Archive for the 'links and connections' Category

Nano Risk: Dupont + Environmental Defense

By: Christopher Kelty
Posted in links and connections, risk on February 26th, 2007

I’m posting this here as well as at the bio-nano blog, since it is a nice point of overlap…

Dupont, the chemical giant, has put its peanut butter in the chocolate belong to Environmental Defense, the environmental action NGO. Or did ED’s chocolate end up in DuPont’s peanut butter? In any case they have teamed up to produce a “NanoRisk Framework” that combines techniques risk analysis and product development to help companies monitor the production of new nanomaterials. It is, at first sight, a surprising partnership, but as it turns out, I guess ED is known for “finding the ways that work” as their website puts it. It is also another example of the desire to bring a public into being, as the framework is publicly distributed, and available for comment until March 30th. It’s a nice document too– the kind of thing that isn’t normally freely available on a website…

More on DHS ‘risk’ assessment

By: Lyle Fearnley
Posted in links and connections, risk on February 16th, 2007

Homeland Security Watch, a blog run by CSIS-type Washington policy analysts, should be added to our radar. A recent post announced the publication of a Congressional Research Service report on Homeland Security’s application of “risk-based” grant distribution. The author of the post described Congressional concern with the application of risk analysis to ‘vital systems security’ problems: “Terrorism offers neither the trend lines nor the depth of historical data (thank goodness) needed to design a reliable methodology that risk assessment demands in other cases, such as hurricanes or car accidents.” While I haven’t had a chance to read it, the full report can be found here.

Enactment in the Military

By: Stephen Collier
Posted in enactment, links and connections on January 28th, 2007

I have been looking a bit into the problem of enactment and war games. In so doing, a couple of interesting links came up, including to a couple first-order practitioners of war gaming, James F. Dunnigan and Kenneth Watman and to an article by James Der Derian at the Watson Institute that is worth a read. In our article on “Distributed Preparedness” Andy and I put forward the idea that imaginative enactment is one of the key techniques of a future oriented (rather than archive-oriented) form of knowledge about collective life. The war game story is clearly an important part of the genealogy of imaginative enactment. Civil defense was one point of transfer from military to civilian affairs. Certainly there are others.
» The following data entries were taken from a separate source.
lemma padded_partition_sum_closed_form:
  fixes t :: "'a::field"
  assumes "\<forall>j\<in>{1..b}. t ^ j \<noteq> 1" and "1 \<le> b"
  shows "padded_partition_sum t b N = qbinomial t (b + N - 1) (b - 1) / qpoch t t b"
  using assms
proof (induction N arbitrary: b rule: less_induct)
  case (less N)
  note t = less.prems(1) and b = less.prems(2)
  show ?case
  proof (cases "N = 0")
    case True
    then show ?thesis using b by (subst padded_partition_sum_rec) (simp add: padded_partition_sum_0 numeral_2_eq_2)
  next
    case False
    define g where "g k = t ^ (2 * (k choose 2)) * qbinomial t b k * qbinomial t (N - 1) (k - 1)" for k
    have summand: "t ^ (2 * (k choose 2)) / qpoch t t (b - k) * padded_partition_sum t k (N - k) = g k / qpoch t t b"
      if k: "k \<in> {1..min b N}" for k
    proof -
      have IH: "padded_partition_sum t k (N - k) = qbinomial t (N - 1) (k - 1) / qpoch t t k"
        using less.IH[of "N - k" k] t k False by auto
      have qbinomial_b_k: "qbinomial t b k = qpoch t t b / (qpoch t t k * qpoch t t (b - k))"
        using qbinomial_eq_qpoch_div[OF t] k by auto
      have "qpoch t t k \<noteq> 0" "qpoch t t (b - k) \<noteq> 0" "qpoch t t b \<noteq> 0"
        using qpoch_nonzero[OF t] k by auto
      then show ?thesis
        unfolding g_def IH qbinomial_b_k by (simp add: field_simps)
    qed
    have "padded_partition_sum t b N
        = (\<Sum>k\<in>{1..min b N}. t ^ (2 * (k choose 2)) / qpoch t t (b - k) * padded_partition_sum t k (N - k))"
      using False by (subst padded_partition_sum_rec, intro sum.mono_neutral_right)
        (auto simp: padded_partition_sum_0 Suc_le_eq)
    also have "\<dots> = (\<Sum>k\<in>{1..min b N}. g k) / qpoch t t b"
      unfolding sum_divide_distrib by (intro sum.cong refl summand)
    also have "(\<Sum>k\<in>{1..min b N}. g k) = (\<Sum>k\<in>{1..N}. g k)"
      by (rule sum.mono_neutral_left) (auto simp: g_def qbinomial_eq_0)
    also have "(\<Sum>k\<in>{1..N}. g k) = (\<Sum>i\<le>N - 1. g (Suc i))"
    proof -
      have "{1..N} = {Suc 0..Suc (N - 1)}" using False by simp
      then show ?thesis by (simp only: sum.shift_bounds_cl_Suc_ivl atLeast0AtMost)
    qed
    also have "\<dots> = (\<Sum>i\<le>N - 1. t ^ (i * (1 + i)) * qbinomial t (1 + (b - 1)) (1 + i) * qbinomial t (N - 1) i)"
      using b by (simp add: g_def two_mult_Suc_choose_2)
    also have "\<dots> = qbinomial t (b + N - 1) (b - 1)"
      using qbinomial_vandermonde[of t 1 "b - 1" "N - 1"] b False by simp
    finally show ?thesis .
  qed
qed

lemma sum_partitions_of:
  assumes "1 \<le> n"
  shows "(\<Sum>p\<in>partitions_of n. g p) = (\<Sum>l\<in>{1..n}. \<Sum>zs\<in>padded_partitions l (n - l). g (map Suc zs))"
proof -
  have "bij_betw (\<lambda>(l, zs). map Suc zs) (SIGMA l:{1..n}. padded_partitions l (n - l)) (partitions_of n)"
  proof (rule bij_betw_byWitness[where f' = "\<lambda>p. (length p, map (\<lambda>x. x - 1) p)"])
    show "\<forall>p\<in>SIGMA l:{1..n}. padded_partitions l (n - l). (\<lambda>p. (length p, map (\<lambda>x. x - 1) p)) ((\<lambda>(l, zs). map Suc zs) p) = p"
      by (auto simp: padded_partitions_def comp_def)
    show "\<forall>p\<in>partitions_of n. (\<lambda>(l, zs). map Suc zs) ((\<lambda>p. (length p, map (\<lambda>x. x - 1) p)) p) = p"
      unfolding prod.case partitions_of_def by (blast intro: map_Suc_map_pred)
    show "(\<lambda>(l, zs). map Suc zs) ` (SIGMA l:{1..n}. padded_partitions l (n - l)) \<subseteq> partitions_of n"
      by (auto simp: partitions_of_def padded_partitions_def sorted_wrt_map sum_list_map_Suc)
    show "(\<lambda>p. (length p, map (\<lambda>x. x - 1) p)) ` partitions_of n \<subseteq> (SIGMA l:{1..n}. padded_partitions l (n - l))"
    proof (rule image_subsetI)
      fix p assume "p \<in> partitions_of n"
      then have sorted: "sorted_wrt (\<ge>) p" and pos: "\<forall>x\<in>set p. 0 < x" and sum: "sum_list p = n"
        by (auto simp: partitions_of_def)
      define zs where "zs = map (\<lambda>x. x - 1) p"
      have p: "p = map Suc zs"
        unfolding zs_def using pos by (rule map_Suc_map_pred[symmetric])
      have "p \<noteq> []" using sum assms by auto
      moreover have "sum_list zs + length zs = n" using sum p by (simp add: sum_list_map_Suc)
      moreover have "sorted_wrt (\<ge>) zs" using sorted p by (simp add: sorted_wrt_map)
      ultimately have "(length zs, zs) \<in> (SIGMA l:{1..n}. padded_partitions l (n - l))"
        using p by (auto simp: padded_partitions_def Suc_le_eq)
      then show "(length p, map (\<lambda>x. x - 1) p) \<in> (SIGMA l:{1..n}. padded_partitions l (n - l))"
        by (simp add: zs_def)
    qed
  qed
  then have "(\<Sum>p\<in>partitions_of n. g p) = (\<Sum>(l, zs)\<in>(SIGMA l:{1..n}. padded_partitions l (n - l)). g (map Suc zs))"
    by (subst sum.reindex_bij_betw[symmetric]) (simp_all add: split_def)
  also have "\<dots> = (\<Sum>l\<in>{1..n}. \<Sum>zs\<in>padded_partitions l (n - l). g (map Suc zs))"
    by (rule sum.Sigma[symmetric]) (auto simp: finite_padded_partitions)
  finally show ?thesis .
qed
As an aside, Der Derian’s website is very much worth checking out as an effort to produce some online space for security discussions.

LSE Centre for Analysis of Risk and Regulation

By: Stephen Collier
Posted in links and connections, risk on January 23rd, 2007

I don’t recall whether this has come across our screen before, but this seems to be a center for risk related analytic work and critical social science at LSE. It includes some of the folks in the risk discussions (Beck, Ericson) as well as more technocratic types. Lots of working papers…worth a scan. The seminars look to be on the technical side; I was particularly drawn to one on participatory risk mapping. Also the research fellowships may be of interest to some.